SummaryOxidative stress is known to have a major impact on human sperm function and, as a result, there is a need to develop sensitive methods for measuring reactive oxygen species (ROS) generation by these cells. A variety of techniques have been developed for this purpose including chemiluminescence (luminol and lucigenin), flow cytometry (MitoSOX Red, dihydroethidium, 4,5‐diaminofluorescein diacetate and 2′,7′‐dichlorodihydrofluorescein diacetate) and spectrophotometry (nitroblue tetrazolium). The relative sensitivity of these assays and their comparative ability to detect ROS generated in different subcellular compartments of human spermatozoa, have not previously been investigated. To address this issue, we have compared the performance of these assays when ROS generation was triggered with a variety of reagents including 2‐hydroxyestradiol, menadione, 4‐hydroxynonenal and arachidonic acid. The results revealed that menadione predominantly induced release of ROS into the extracellular space where these metabolites could be readily detected by luminol‐peroxidase and, to a lesser extent, 2′,7′‐dichlorodihydrofluorescein. However, such sensitivity to extracellular ROS meant that these assays were particularly vulnerable to interference by leucocytes.

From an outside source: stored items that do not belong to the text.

(* Let $m\geq 2$, $h\geq 1$, and let $G=T^+_{m,h}$ with root $r$, stem $r'$, and extended subtrees $G_1,\ldots,G_m$. Let $S\subseteq V(G)\setminus\{r'\}$. If $S\cup\{r'\}$ is a power dominating set for $G$, then for every $i\in[m]$ the set $(S\cap V(G_i))\cup\{r\}$ is a power dominating set for $G_i$.
   Context: For a graph $G=(V,E)$ and $S\subseteq V$: $\mathcal{P}^0(S)=N[S]$ (closed neighborhood of $S$), and for $k\geq 1$, $\mathcal{P}^k(S)=\mathcal{P}^{k-1}(S)\cup N^*(\mathcal{P}^{k-1}(S))$, where $x\in N^*(A)$ iff there is $a\in A$ such that $x$ is the only neighbor of $a$ not in $A$. For finite $G$ this stabilizes at $\mathcal{P}^\infty(S)$; $S$ is a power dominating set for $G$ if $\mathcal{P}^\infty(S)=V$. $T_{m,h}$ denotes the complete $m$-ary tree of height $h$ (every non-leaf vertex has exactly $m$ children, all leaves at distance $h$ from the root), rooted at $r$. The extended $m$-ary tree $T^+_{m,h}$ is obtained from $T_{m,h}$ by adding a new vertex $r'$ (the stem) and the edge $\{r,r'\}$. For $G=T_{m,h}$ or $G=T^+_{m,h}$ with $h\ge 1$, let $r_1,\ldots,r_m$ be the children of $r$, let $V_i$ be the set of descendants of $r_i$, and let $G_i=G[V_i\cup\{r_i,r\}]$ be the $i$-th extended subtree; $G_i$ is an extended $m$-ary tree of height $h-1$ with root $r_i$ and stem $r$. *)

theory Defs
  imports Main
begin

definition closed_nbhd :: "'a set \<Rightarrow> ('a \<Rightarrow> 'a \<Rightarrow> bool) \<Rightarrow> 'a set \<Rightarrow> 'a set" where
  "closed_nbhd V E S = S \<union> {v \<in> V. \<exists>s\<in>S. E s v}"

definition forced_nbrs :: "'a set \<Rightarrow> ('a \<Rightarrow> 'a \<Rightarrow> bool) \<Rightarrow> 'a set \<Rightarrow> 'a set" where
  "forced_nbrs V E A = {x \<in> V. \<exists>a\<in>A. x \<notin> A \<and> E a x \<and> (\<forall>y\<in>V. E a y \<and> y \<notin> A \<longrightarrow> y = x)}"

fun pd_step :: "'a set \<Rightarrow> ('a \<Rightarrow> 'a \<Rightarrow> bool) \<Rightarrow> 'a set \<Rightarrow> nat \<Rightarrow> 'a set" where
  "pd_step V E S 0 = closed_nbhd V E S"
| "pd_step V E S (Suc k) = pd_step V E S k \<union> forced_nbrs V E (pd_step V E S k)"

definition pd_closure :: "'a set \<Rightarrow> ('a \<Rightarrow> 'a \<Rightarrow> bool) \<Rightarrow> 'a set \<Rightarrow> 'a set" where
  "pd_closure V E S = (\<Union>k. pd_step V E S k)"

definition power_dominating :: "'a set \<Rightarrow> ('a \<Rightarrow> 'a \<Rightarrow> bool) \<Rightarrow> 'a set \<Rightarrow> bool" where
  "power_dominating V E S \<longleftrightarrow> S \<subseteq> V \<and> pd_closure V E S = V"

definition induced_adj :: "('a \<Rightarrow> 'a \<Rightarrow> bool) \<Rightarrow> 'a set \<Rightarrow> 'a \<Rightarrow> 'a \<Rightarrow> bool" where
  "induced_adj E W u v \<longleftrightarrow> u \<in> W \<and> v \<in> W \<and> E u v"

text \<open>Vertices: \<open>Some xs\<close> for a word xs over {0..<m} of length \<le> h (the word
  is the path from the root; root r = Some []), and the stem r' = None.\<close>

definition ext_tree_V :: "nat \<Rightarrow> nat \<Rightarrow> nat list option set" where
  "ext_tree_V m h = insert None (Some ` {xs. length xs \<le> h \<and> set xs \<subseteq> {..<m}})"

definition tree_root :: "nat list option" where "tree_root = Some []"
definition tree_stem :: "nat list option" where "tree_stem = None"

definition ext_tree_E :: "nat \<Rightarrow> nat \<Rightarrow> nat list option \<Rightarrow> nat list option \<Rightarrow> bool" where
  "ext_tree_E m h u v \<longleftrightarrow> u \<in> ext_tree_V m h \<and> v \<in> ext_tree_V m h \<and>
     ((u = tree_stem \<and> v = tree_root) \<or> (v = tree_stem \<and> u = tree_root) \<or>
      (\<exists>xs j. u = Some xs \<and> v = Some (xs @ [j])) \<or>
      (\<exists>xs j. v = Some xs \<and> u = Some (xs @ [j])))"

text \<open>The i-th child of the root (children indexed 0..m-1), its set of
  descendants V_i, and the vertex set of the i-th extended subtree G_i.\<close>
definition root_child :: "nat \<Rightarrow> nat list option" where "root_child i = Some [i]"

definition descendants_V :: "nat \<Rightarrow> nat \<Rightarrow> nat \<Rightarrow> nat list option set" where
  "descendants_V m h i = {Some (i # ys) | ys. ys \<noteq> [] \<and> Suc (length ys) \<le> h \<and> set ys \<subseteq> {..<m}}"

definition ext_subtree_V :: "nat \<Rightarrow> nat \<Rightarrow> nat \<Rightarrow> nat list option set" where
  "ext_subtree_V m h i = descendants_V m h i \<union> {root_child i, tree_root}"

definition ext_subtree_E :: "nat \<Rightarrow> nat \<Rightarrow> nat \<Rightarrow> nat list option \<Rightarrow> nat list option \<Rightarrow> bool" where
  "ext_subtree_E m h i = induced_adj (ext_tree_E m h) (ext_subtree_V m h i)"

end

theory Submission
  imports Defs
begin

text \<open>Every vertex of \<open>G\<^sub>i\<close> other than the root has all its neighbours inside \<open>G\<^sub>i\<close>, so
  the root is the only place where information observed in the rest of \<open>T\<^sup>+\<^sub>m\<^sub>,\<^sub>h\<close> can
  enter \<open>G\<^sub>i\<close>. Hence, by induction on the propagation rounds, everything that
  \<open>S \<union> {r'}\<close> observes inside \<open>G\<^sub>i\<close> is also observed by \<open>(S \<inter> V(G\<^sub>i)) \<union> {r}\<close> in \<open>G\<^sub>i\<close>:
  the root is observed from the start, a vertex dominated or forced from outside
  \<open>G\<^sub>i\<close> must be the root, and a force by a vertex of \<open>G\<^sub>i\<close> can be replayed in \<open>G\<^sub>i\<close>,
  since its other neighbours all lie in \<open>G\<^sub>i\<close> and were observed earlier.\<close>

lemma pd_step_mono: "k \<le> l \<Longrightarrow> pd_step V E S k \<subseteq> pd_step V E S l"
  by (rule lift_Suc_mono_le[of "pd_step V E S"]) auto

lemma pd_step_subset: "S \<subseteq> V \<Longrightarrow> pd_step V E S k \<subseteq> V"
  by (induction k) (auto simp: closed_nbhd_def forced_nbrs_def)

lemma pd_closure_subset: "S \<subseteq> V \<Longrightarrow> pd_closure V E S \<subseteq> V"
  unfolding pd_closure_def using pd_step_subset by blast

lemma closed_nbhd_subset_pd_closure: "closed_nbhd V E S \<subseteq> pd_closure V E S"
  unfolding pd_closure_def by (metis UNIV_I UN_upper pd_step.simps(1))

lemma finite_subset_pd_closure_imp_pd_step:
  assumes "finite F" "F \<subseteq> pd_closure V E S"
  shows "\<exists>k. F \<subseteq> pd_step V E S k"
  using assms
proof (induction F rule: finite_induct)
  case empty
  then show ?case by simp
next
  case (insert y F)
  then obtain k l where "F \<subseteq> pd_step V E S k" "y \<in> pd_step V E S l"
    unfolding pd_closure_def by auto
  then have "insert y F \<subseteq> pd_step V E S (max k l)"
    using pd_step_mono[of k "max k l" V E S] pd_step_mono[of l "max k l" V E S] by auto
  then show ?case by blast
qed

lemma pd_closure_forced:
  assumes "finite V" "a \<in> pd_closure V E S" "x \<in> V" "E a x"
    and others: "\<And>y. y \<in> V \<Longrightarrow> E a y \<Longrightarrow> y \<noteq> x \<Longrightarrow> y \<in> pd_closure V E S"
  shows "x \<in> pd_closure V E S"
proof -
  let ?F = "insert a {y \<in> V. E a y \<and> y \<noteq> x}"
  have "finite ?F"
    using \<open>finite V\<close> by simp
  moreover have "?F \<subseteq> pd_closure V E S"
    using assms(2) others by auto
  ultimately obtain k where k: "?F \<subseteq> pd_step V E S k"
    by (blast dest: finite_subset_pd_closure_imp_pd_step)
  have "x \<in> pd_step V E S (Suc k)"
  proof (cases "x \<in> pd_step V E S k")
    case False
    have "a \<in> pd_step V E S k"
      using k by blast
    moreover have "\<forall>y\<in>V. E a y \<and> y \<notin> pd_step V E S k \<longrightarrow> y = x"
      using k by blast
    ultimately have "x \<in> forced_nbrs V E (pd_step V E S k)"
      using False assms(3,4) unfolding forced_nbrs_def by blast
    then show ?thesis by simp
  qed simp
  then show ?thesis
    unfolding pd_closure_def by blast
qed

lemma closed_nbhd_inter_subset_pd_closure_port:
  assumes "r \<in> W"
    and port: "\<And>a x. E a x \<Longrightarrow> a \<notin> W \<Longrightarrow> x \<in> W \<Longrightarrow> x = r"
  shows "closed_nbhd V E S \<inter> W \<subseteq> pd_closure W (induced_adj E W) ((S \<inter> W) \<union> {r})"
proof
  let ?N = "closed_nbhd W (induced_adj E W) ((S \<inter> W) \<union> {r})"
  fix x assume x: "x \<in> closed_nbhd V E S \<inter> W"
  have "x \<in> ?N"
  proof -
    consider "x \<in> S" | s where "s \<in> S" "E s x"
      using x unfolding closed_nbhd_def by blast
    then show ?thesis
    proof cases
      case (2 s)
      show ?thesis
      proof (cases "s \<in> W")
        case True
        with 2 x show ?thesis
          unfolding closed_nbhd_def induced_adj_def by blast
      next
        case False
        with 2 x port have "x = r" by blast
        then show ?thesis
          unfolding closed_nbhd_def by blast
      qed
    qed (use x in \<open>simp add: closed_nbhd_def\<close>)
  qed
  then show "x \<in> pd_closure W (induced_adj E W) ((S \<inter> W) \<union> {r})"
    by (rule subsetD[OF closed_nbhd_subset_pd_closure])
qed

lemma forced_nbrs_inter_subset_pd_closure_port:
  assumes "finite W" "W \<subseteq> V" "r \<in> pd_closure W (induced_adj E W) T"
    and port: "\<And>a x. E a x \<Longrightarrow> a \<notin> W \<Longrightarrow> x \<in> W \<Longrightarrow> x = r"
    and observed: "A \<inter> W \<subseteq> pd_closure W (induced_adj E W) T"
  shows "forced_nbrs V E A \<inter> W \<subseteq> pd_closure W (induced_adj E W) T"
    (is "_ \<subseteq> ?C")
proof
  fix x assume x: "x \<in> forced_nbrs V E A \<inter> W"
  then obtain a where a: "a \<in> A" "E a x"
    and unique: "\<forall>y\<in>V. E a y \<and> y \<notin> A \<longrightarrow> y = x"
    unfolding forced_nbrs_def by blast
  show "x \<in> ?C"
  proof (cases "a \<in> W")
    case True
    show ?thesis
    proof (rule pd_closure_forced[OF \<open>finite W\<close>])
      show "a \<in> ?C"
        using observed True a(1) by blast
      show "x \<in> W"
        using x by blast
      show "induced_adj E W a x"
        using True a(2) x unfolding induced_adj_def by blast
      fix y assume y: "y \<in> W" "induced_adj E W a y" "y \<noteq> x"
      with unique \<open>W \<subseteq> V\<close> have "y \<in> A"
        unfolding induced_adj_def by blast
      with y(1) observed show "y \<in> ?C" by blast
    qed
  next
    case False
    with a(2) x port have "x = r" by blast
    with \<open>r \<in> ?C\<close> show ?thesis by simp
  qed
qed

lemma pd_step_inter_subset_pd_closure_port:
  assumes "finite W" "W \<subseteq> V" "r \<in> W"
    and port: "\<And>a x. E a x \<Longrightarrow> a \<notin> W \<Longrightarrow> x \<in> W \<Longrightarrow> x = r"
  shows "pd_step V E S k \<inter> W \<subseteq> pd_closure W (induced_adj E W) ((S \<inter> W) \<union> {r})"
proof (induction k)
  case 0
  show ?case
    using closed_nbhd_inter_subset_pd_closure_port[OF \<open>r \<in> W\<close> port] by simp
next
  case (Suc k)
  have "r \<in> closed_nbhd W (induced_adj E W) ((S \<inter> W) \<union> {r})"
    by (simp add: closed_nbhd_def)
  then have "r \<in> pd_closure W (induced_adj E W) ((S \<inter> W) \<union> {r})"
    by (rule subsetD[OF closed_nbhd_subset_pd_closure])
  from forced_nbrs_inter_subset_pd_closure_port[OF assms(1,2) this port Suc.IH]
  show ?case
    unfolding pd_step.simps Int_Un_distrib2 by (rule Un_least[OF Suc.IH])
qed

lemma power_dominating_restrict_port:
  assumes "finite W" "W \<subseteq> V" "r \<in> W"
    and "\<And>a x. E a x \<Longrightarrow> a \<notin> W \<Longrightarrow> x \<in> W \<Longrightarrow> x = r"
    and "power_dominating V E S"
  shows "power_dominating W (induced_adj E W) ((S \<inter> W) \<union> {r})"
proof -
  let ?C = "pd_closure W (induced_adj E W) ((S \<inter> W) \<union> {r})"
  have "W \<subseteq> ?C"
  proof
    fix x assume "x \<in> W"
    with \<open>power_dominating V E S\<close> \<open>W \<subseteq> V\<close> obtain k where "x \<in> pd_step V E S k"
      unfolding power_dominating_def pd_closure_def by blast
    with \<open>x \<in> W\<close> show "x \<in> ?C"
      by (intro subsetD[OF pd_step_inter_subset_pd_closure_port[OF assms(1-4)]] IntI)
  qed
  moreover have "(S \<inter> W) \<union> {r} \<subseteq> W"
    using \<open>r \<in> W\<close> by blast
  moreover from this have "?C \<subseteq> W"
    by (rule pd_closure_subset)
  ultimately show ?thesis
    unfolding power_dominating_def by blast
qed

lemma finite_ext_tree_V: "finite (ext_tree_V m h)"
proof -
  have "finite {xs. set xs \<subseteq> {..<m} \<and> length xs \<le> h}"
    by (rule finite_lists_length_le) auto
  then show ?thesis
    unfolding ext_tree_V_def by (simp add: conj_commute)
qed

lemma ext_subtree_V_eq:
  assumes "i < m" "h \<ge> 1"
  shows "ext_subtree_V m h i = {v \<in> ext_tree_V m h. v = Some [] \<or> (\<exists>ys. v = Some (i # ys))}"
proof (intro set_eqI iffI)
  fix v assume "v \<in> ext_subtree_V m h i"
  then show "v \<in> {v \<in> ext_tree_V m h. v = Some [] \<or> (\<exists>ys. v = Some (i # ys))}"
    using assms
    by (auto simp: ext_subtree_V_def descendants_V_def root_child_def tree_root_def ext_tree_V_def)
next
  fix v assume v: "v \<in> {v \<in> ext_tree_V m h. v = Some [] \<or> (\<exists>ys. v = Some (i # ys))}"
  then show "v \<in> ext_subtree_V m h i"
    by (cases "v = Some [i]")
      (auto simp: ext_subtree_V_def descendants_V_def root_child_def tree_root_def ext_tree_V_def)
qed

lemma ext_tree_E_into_ext_subtree:
  assumes "i < m" "h \<ge> 1" "ext_tree_E m h a x"
    and "a \<notin> ext_subtree_V m h i" "x \<in> ext_subtree_V m h i"
  shows "x = tree_root"
proof -
  have a: "a \<in> ext_tree_V m h" and x: "x = Some [] \<or> (\<exists>ys. x = Some (i # ys))"
    using assms ext_subtree_V_eq[OF assms(1,2)] by (auto simp: ext_tree_E_def)
  have a_out: "a \<noteq> Some []" "\<And>ys. a \<noteq> Some (i # ys)"
    using assms(4) a ext_subtree_V_eq[OF assms(1,2)] by auto
  show ?thesis
    using assms(3) x a_out
    unfolding ext_tree_E_def tree_root_def tree_stem_def
    by (fastforce simp: Cons_eq_append_conv)
qed

theorem mainTheorem1:
  fixes m h :: nat and S :: "nat list option set"
  assumes "m \<ge> 2" and "h \<ge> 1"
    and "S \<subseteq> ext_tree_V m h - {tree_stem}"
    and "power_dominating (ext_tree_V m h) (ext_tree_E m h) (S \<union> {tree_stem})"
  shows "\<forall>i<m. power_dominating (ext_subtree_V m h i) (ext_subtree_E m h i)
                 ((S \<inter> ext_subtree_V m h i) \<union> {tree_root})"
proof (intro allI impI)
  fix i assume i: "i < m"
  note W_eq = ext_subtree_V_eq[OF i \<open>h \<ge> 1\<close>]
  have W_sub: "ext_subtree_V m h i \<subseteq> ext_tree_V m h"
    using W_eq by blast
  have "power_dominating (ext_subtree_V m h i) (ext_subtree_E m h i)
          (((S \<union> {tree_stem}) \<inter> ext_subtree_V m h i) \<union> {tree_root})"
    unfolding ext_subtree_E_def
  proof (rule power_dominating_restrict_port[OF _ W_sub _ _ assms(4)])
    show "finite (ext_subtree_V m h i)"
      using W_sub finite_ext_tree_V by (rule finite_subset)
    show "tree_root \<in> ext_subtree_V m h i"
      by (simp add: ext_subtree_V_def)
  qed (use ext_tree_E_into_ext_subtree[OF i \<open>h \<ge> 1\<close>] in blast)
  moreover have "tree_stem \<notin> ext_subtree_V m h i"
    using W_eq by (simp add: tree_stem_def)
  ultimately show "power_dominating (ext_subtree_V m h i) (ext_subtree_E m h i)
                     ((S \<inter> ext_subtree_V m h i) \<union> {tree_root})"
    by (simp add: Int_Un_distrib2)
qed

end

The remaining reagents predominantly elicited ROS generation by the sperm mitochondria and could be optimally detected by MitoSOX Red and DHE. Examination of spontaneous ROS generation by defective human spermatozoa revealed that MitoSOX Red was the most effective indicator of oxidative stress, thereby emphasizing the general importance of mitochondrial dysregulation in the aetiology of defective sperm function.